Source data Start Marker

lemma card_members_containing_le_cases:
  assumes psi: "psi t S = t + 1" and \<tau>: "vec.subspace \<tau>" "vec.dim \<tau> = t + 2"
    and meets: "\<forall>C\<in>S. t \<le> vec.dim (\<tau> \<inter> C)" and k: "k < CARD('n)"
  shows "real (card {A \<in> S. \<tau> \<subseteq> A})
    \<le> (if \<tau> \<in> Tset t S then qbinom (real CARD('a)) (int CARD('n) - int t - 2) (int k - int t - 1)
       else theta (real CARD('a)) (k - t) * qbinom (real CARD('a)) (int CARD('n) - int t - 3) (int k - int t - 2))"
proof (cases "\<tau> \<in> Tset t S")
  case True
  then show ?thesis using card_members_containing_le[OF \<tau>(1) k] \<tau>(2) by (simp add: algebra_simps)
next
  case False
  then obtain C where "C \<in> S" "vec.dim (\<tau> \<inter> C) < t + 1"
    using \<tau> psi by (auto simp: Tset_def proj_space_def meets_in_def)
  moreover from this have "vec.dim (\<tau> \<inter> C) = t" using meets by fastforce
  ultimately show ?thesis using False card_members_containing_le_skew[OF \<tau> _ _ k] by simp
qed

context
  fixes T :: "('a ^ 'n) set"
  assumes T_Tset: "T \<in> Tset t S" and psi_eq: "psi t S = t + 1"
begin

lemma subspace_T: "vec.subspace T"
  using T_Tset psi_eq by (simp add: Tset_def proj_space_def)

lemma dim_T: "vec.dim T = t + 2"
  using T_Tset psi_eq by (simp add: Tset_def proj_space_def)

Source data End Marker
Source data Start Marker

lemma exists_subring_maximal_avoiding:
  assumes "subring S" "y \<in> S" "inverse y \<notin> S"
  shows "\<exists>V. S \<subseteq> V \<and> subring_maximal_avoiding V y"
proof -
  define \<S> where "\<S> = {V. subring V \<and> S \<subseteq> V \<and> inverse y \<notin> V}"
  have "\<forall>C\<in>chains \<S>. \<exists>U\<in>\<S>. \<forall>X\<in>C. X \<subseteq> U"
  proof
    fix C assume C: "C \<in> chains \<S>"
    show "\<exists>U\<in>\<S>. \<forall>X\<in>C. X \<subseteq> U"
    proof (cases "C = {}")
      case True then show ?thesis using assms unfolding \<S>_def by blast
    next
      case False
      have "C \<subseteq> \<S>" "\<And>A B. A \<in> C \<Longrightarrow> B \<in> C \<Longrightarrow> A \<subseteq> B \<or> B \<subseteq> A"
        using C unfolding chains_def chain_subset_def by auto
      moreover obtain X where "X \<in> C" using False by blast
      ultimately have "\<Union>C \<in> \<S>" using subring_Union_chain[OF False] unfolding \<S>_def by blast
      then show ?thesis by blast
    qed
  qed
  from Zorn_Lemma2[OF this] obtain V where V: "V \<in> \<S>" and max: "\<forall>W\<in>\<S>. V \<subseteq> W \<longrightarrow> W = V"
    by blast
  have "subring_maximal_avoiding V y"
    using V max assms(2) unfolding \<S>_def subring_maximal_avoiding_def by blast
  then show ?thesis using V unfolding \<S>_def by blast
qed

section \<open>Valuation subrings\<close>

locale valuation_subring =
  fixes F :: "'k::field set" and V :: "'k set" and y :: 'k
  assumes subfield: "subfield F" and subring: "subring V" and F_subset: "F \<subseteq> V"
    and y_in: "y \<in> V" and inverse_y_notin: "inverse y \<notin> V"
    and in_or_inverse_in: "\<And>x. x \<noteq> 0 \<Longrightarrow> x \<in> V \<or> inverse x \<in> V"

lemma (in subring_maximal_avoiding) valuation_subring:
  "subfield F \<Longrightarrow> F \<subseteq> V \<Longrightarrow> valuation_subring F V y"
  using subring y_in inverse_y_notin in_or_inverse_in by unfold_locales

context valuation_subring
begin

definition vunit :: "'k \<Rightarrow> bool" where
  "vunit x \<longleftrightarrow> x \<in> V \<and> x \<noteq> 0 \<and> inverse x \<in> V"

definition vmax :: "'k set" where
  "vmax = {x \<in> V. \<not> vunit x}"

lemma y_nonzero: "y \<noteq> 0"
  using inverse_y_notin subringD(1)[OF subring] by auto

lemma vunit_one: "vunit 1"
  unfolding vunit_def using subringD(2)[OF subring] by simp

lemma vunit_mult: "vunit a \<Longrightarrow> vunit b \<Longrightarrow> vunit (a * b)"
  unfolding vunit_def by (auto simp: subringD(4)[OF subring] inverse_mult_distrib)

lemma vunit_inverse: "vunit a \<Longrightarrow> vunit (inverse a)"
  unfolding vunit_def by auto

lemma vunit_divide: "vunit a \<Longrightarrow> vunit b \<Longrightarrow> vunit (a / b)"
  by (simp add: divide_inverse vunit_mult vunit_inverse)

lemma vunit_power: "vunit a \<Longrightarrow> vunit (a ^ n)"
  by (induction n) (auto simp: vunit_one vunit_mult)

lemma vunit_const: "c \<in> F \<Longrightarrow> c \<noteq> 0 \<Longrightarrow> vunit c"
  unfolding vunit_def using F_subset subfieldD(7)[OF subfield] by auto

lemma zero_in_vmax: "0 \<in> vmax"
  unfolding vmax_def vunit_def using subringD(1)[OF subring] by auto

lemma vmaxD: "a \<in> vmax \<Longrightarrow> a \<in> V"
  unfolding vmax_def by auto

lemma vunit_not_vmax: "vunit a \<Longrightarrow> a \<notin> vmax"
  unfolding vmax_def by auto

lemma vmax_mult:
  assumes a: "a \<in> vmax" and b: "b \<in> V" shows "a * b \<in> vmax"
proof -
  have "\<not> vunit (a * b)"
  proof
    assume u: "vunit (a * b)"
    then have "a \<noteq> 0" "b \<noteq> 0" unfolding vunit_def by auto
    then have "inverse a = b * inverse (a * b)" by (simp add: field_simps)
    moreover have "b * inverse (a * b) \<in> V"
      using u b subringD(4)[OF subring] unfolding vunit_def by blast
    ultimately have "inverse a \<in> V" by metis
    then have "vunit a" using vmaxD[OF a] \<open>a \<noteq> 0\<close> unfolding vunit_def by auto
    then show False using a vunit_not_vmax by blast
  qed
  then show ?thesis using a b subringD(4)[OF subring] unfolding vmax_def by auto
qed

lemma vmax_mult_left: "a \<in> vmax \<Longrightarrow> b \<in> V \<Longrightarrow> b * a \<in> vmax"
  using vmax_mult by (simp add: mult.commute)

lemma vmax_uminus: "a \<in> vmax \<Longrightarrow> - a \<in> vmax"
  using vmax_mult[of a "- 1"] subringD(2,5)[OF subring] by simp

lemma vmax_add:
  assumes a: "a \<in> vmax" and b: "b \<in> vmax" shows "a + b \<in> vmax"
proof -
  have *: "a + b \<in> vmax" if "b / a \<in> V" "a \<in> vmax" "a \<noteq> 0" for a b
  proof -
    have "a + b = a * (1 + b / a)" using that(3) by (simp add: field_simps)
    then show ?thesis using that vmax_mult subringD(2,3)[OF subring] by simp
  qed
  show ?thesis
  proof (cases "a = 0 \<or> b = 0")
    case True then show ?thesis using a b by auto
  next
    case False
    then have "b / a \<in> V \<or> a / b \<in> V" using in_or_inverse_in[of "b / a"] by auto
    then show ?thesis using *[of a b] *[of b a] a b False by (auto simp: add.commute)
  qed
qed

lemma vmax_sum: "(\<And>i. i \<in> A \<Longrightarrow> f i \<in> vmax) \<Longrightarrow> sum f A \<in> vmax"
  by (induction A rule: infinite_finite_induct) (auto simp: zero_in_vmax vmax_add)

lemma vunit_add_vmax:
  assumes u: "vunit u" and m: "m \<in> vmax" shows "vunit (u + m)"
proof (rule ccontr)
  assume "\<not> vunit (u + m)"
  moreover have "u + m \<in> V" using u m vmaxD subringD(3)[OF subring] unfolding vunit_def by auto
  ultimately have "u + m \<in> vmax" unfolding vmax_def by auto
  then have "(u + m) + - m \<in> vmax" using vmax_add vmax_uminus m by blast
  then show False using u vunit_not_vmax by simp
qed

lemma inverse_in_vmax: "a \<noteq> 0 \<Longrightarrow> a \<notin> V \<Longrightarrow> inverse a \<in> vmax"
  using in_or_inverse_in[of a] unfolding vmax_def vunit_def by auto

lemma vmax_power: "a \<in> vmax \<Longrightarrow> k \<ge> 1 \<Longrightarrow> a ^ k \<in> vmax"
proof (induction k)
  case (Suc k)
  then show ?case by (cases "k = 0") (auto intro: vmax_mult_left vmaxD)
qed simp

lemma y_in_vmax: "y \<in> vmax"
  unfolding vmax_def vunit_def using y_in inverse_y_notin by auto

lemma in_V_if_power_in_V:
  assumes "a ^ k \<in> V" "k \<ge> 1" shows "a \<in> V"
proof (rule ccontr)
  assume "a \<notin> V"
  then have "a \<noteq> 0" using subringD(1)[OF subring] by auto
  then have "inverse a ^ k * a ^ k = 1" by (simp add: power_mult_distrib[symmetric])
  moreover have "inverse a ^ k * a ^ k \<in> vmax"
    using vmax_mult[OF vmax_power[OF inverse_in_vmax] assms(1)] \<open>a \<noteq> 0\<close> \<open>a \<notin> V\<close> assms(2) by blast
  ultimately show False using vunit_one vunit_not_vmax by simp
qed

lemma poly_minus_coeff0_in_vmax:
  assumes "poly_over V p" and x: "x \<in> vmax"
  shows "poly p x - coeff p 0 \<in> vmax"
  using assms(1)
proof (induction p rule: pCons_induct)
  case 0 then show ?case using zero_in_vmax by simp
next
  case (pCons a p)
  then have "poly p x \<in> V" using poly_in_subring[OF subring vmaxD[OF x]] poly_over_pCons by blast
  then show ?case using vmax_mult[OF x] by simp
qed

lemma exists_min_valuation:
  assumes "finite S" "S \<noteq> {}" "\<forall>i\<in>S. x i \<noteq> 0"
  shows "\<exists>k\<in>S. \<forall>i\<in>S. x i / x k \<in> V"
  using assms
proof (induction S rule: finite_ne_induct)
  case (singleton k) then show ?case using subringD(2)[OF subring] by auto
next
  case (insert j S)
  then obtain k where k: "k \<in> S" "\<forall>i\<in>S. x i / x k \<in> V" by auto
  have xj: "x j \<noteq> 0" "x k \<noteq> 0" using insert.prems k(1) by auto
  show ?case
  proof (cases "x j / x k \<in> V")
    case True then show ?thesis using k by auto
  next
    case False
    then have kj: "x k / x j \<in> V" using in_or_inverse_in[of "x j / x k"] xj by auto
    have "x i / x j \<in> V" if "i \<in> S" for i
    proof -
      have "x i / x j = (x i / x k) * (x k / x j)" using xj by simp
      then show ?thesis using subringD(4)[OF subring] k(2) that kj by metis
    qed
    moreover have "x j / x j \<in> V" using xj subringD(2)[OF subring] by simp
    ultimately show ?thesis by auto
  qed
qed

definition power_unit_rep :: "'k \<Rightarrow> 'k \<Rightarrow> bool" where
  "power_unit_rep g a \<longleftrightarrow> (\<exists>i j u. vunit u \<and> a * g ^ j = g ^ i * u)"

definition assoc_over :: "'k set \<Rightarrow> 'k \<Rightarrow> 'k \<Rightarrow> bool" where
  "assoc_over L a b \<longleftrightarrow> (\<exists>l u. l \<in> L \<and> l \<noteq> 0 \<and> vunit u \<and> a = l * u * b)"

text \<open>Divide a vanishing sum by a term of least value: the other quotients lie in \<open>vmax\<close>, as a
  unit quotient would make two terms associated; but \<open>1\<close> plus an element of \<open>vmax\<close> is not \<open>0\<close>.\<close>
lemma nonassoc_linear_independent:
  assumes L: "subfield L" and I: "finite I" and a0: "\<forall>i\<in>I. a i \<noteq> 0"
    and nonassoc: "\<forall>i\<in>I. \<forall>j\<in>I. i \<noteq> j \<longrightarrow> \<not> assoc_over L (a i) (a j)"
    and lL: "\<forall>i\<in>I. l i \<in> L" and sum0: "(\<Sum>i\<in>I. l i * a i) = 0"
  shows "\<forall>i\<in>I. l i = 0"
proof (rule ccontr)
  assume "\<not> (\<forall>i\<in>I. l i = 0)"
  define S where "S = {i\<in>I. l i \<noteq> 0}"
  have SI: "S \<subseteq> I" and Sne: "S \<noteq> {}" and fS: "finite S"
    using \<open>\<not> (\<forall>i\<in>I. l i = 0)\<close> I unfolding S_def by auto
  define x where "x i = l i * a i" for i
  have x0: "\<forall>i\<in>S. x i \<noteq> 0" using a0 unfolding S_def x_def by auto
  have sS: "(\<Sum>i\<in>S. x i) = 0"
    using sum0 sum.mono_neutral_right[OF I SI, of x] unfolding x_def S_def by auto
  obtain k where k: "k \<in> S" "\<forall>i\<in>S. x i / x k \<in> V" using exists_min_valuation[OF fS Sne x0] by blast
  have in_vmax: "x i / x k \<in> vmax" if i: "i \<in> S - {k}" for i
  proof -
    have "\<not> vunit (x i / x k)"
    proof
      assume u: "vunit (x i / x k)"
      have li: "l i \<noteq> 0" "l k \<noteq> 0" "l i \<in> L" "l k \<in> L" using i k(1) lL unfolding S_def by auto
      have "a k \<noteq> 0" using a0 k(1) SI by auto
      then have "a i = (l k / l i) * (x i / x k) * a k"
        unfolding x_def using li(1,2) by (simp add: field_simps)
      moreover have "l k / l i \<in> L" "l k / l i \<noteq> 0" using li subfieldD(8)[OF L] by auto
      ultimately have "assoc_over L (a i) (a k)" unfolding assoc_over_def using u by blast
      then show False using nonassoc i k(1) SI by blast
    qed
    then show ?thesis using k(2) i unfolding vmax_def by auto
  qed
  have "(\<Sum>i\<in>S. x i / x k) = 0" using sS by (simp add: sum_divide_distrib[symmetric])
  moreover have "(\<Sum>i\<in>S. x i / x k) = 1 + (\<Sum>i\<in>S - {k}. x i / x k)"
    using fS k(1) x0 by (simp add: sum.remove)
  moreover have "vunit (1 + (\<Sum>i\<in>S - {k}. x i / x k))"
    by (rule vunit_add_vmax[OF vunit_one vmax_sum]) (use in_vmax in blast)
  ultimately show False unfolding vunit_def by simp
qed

Source data End Marker
Source data Start Marker

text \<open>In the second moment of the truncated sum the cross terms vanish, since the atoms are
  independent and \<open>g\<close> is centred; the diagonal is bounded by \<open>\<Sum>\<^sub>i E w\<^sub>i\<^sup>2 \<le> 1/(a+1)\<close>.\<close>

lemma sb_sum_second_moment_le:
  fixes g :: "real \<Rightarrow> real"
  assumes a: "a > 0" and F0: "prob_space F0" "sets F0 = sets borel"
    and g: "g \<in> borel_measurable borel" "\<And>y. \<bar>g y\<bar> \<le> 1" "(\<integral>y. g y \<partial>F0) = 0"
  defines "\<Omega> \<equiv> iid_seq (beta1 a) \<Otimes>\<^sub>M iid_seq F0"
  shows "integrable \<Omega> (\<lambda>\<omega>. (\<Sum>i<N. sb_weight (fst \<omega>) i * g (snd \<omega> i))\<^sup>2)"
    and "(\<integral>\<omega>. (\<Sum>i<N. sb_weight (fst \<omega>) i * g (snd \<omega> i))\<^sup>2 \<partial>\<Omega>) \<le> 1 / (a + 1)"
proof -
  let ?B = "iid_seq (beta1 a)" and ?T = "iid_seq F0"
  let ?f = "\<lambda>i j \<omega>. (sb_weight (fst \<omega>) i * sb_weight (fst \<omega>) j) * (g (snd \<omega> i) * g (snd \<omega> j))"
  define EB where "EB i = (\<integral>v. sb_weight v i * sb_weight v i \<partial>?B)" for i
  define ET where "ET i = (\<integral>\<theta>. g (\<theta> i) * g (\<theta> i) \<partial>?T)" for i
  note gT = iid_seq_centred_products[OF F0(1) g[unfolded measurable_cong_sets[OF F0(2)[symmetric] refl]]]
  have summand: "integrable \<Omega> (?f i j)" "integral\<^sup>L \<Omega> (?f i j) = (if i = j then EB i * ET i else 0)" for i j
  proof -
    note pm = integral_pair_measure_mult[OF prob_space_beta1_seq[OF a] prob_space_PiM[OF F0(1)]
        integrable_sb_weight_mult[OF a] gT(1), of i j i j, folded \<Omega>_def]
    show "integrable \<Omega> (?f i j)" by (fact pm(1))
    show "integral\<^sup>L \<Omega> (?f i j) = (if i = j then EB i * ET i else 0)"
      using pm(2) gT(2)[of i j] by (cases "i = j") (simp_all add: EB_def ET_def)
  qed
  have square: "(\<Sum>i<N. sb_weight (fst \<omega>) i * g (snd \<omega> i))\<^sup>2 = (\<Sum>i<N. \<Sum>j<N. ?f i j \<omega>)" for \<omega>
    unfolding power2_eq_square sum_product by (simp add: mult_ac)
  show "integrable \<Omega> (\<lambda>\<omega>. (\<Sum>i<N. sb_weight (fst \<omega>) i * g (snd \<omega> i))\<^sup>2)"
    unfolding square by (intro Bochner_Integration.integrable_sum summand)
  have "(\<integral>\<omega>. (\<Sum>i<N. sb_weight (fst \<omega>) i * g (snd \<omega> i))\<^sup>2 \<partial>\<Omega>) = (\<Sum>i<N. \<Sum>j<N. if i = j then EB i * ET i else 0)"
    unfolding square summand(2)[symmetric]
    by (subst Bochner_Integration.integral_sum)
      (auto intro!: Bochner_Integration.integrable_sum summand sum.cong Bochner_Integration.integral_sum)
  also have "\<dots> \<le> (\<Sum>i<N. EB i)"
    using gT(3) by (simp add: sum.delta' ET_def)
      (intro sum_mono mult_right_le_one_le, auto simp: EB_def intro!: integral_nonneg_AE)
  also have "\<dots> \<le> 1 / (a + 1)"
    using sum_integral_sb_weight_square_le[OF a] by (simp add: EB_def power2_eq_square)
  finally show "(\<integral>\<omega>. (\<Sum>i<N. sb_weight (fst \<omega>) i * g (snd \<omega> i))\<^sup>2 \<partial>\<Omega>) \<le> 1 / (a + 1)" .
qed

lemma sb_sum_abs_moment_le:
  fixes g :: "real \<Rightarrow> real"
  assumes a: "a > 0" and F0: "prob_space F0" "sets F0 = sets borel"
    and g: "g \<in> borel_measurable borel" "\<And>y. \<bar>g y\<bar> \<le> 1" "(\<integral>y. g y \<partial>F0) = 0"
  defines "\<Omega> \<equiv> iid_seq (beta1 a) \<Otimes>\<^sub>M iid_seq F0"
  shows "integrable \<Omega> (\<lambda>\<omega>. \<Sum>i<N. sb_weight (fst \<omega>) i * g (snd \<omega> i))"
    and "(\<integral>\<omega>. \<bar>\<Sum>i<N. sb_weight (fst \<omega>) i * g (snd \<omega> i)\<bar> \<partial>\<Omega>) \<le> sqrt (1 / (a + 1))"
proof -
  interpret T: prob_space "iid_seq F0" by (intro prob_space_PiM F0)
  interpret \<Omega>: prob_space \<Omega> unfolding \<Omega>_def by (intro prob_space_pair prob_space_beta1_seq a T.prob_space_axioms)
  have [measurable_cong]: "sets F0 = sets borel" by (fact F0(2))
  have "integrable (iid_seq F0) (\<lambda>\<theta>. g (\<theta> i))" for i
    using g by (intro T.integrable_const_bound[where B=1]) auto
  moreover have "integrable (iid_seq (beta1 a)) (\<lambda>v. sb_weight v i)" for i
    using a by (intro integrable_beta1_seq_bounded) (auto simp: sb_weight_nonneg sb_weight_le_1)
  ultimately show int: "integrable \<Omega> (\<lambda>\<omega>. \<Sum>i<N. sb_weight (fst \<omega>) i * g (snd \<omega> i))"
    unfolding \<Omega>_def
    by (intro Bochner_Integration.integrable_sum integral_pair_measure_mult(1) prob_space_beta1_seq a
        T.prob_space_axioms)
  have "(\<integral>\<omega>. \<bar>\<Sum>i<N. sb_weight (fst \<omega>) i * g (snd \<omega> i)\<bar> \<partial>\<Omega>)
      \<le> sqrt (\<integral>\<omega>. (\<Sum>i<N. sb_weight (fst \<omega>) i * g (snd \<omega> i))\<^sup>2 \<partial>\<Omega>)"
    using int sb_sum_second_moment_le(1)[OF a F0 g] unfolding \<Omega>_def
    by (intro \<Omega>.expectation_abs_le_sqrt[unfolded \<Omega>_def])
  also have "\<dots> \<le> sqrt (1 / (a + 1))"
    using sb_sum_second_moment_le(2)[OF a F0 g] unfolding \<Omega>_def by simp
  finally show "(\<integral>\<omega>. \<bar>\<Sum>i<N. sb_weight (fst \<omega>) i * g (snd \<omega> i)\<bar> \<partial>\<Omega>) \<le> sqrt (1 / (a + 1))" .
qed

Source data End Marker

### [Activity]
The result should be every line of the material that contains the word "shows", so copy those lines.

### [Problem solution]
  shows "real (card {A \<in> S. \<tau> \<subseteq> A})
  shows "\<exists>V. S \<subseteq> V \<and> subring_maximal_avoiding V y"
  assumes a: "a \<in> vmax" and b: "b \<in> V" shows "a * b \<in> vmax"
  assumes a: "a \<in> vmax" and b: "b \<in> vmax" shows "a + b \<in> vmax"
  assumes u: "vunit u" and m: "m \<in> vmax" shows "vunit (u + m)"
  assumes "a ^ k \<in> V" "k \<ge> 1" shows "a \<in> V"
  shows "poly p x - coeff p 0 \<in> vmax"
  shows "\<exists>k\<in>S. \<forall>i\<in>S. x i / x k \<in> V"
  shows "\<forall>i\<in>I. l i = 0"
  shows "integrable \<Omega> (\<lambda>\<omega>. (\<Sum>i<N. sb_weight (fst \<omega>) i * g (snd \<omega> i))\<^sup>2)"
  shows "integrable \<Omega> (\<lambda>\<omega>. \<Sum>i<N. sb_weight (fst \<omega>) i * g (snd \<omega> i))"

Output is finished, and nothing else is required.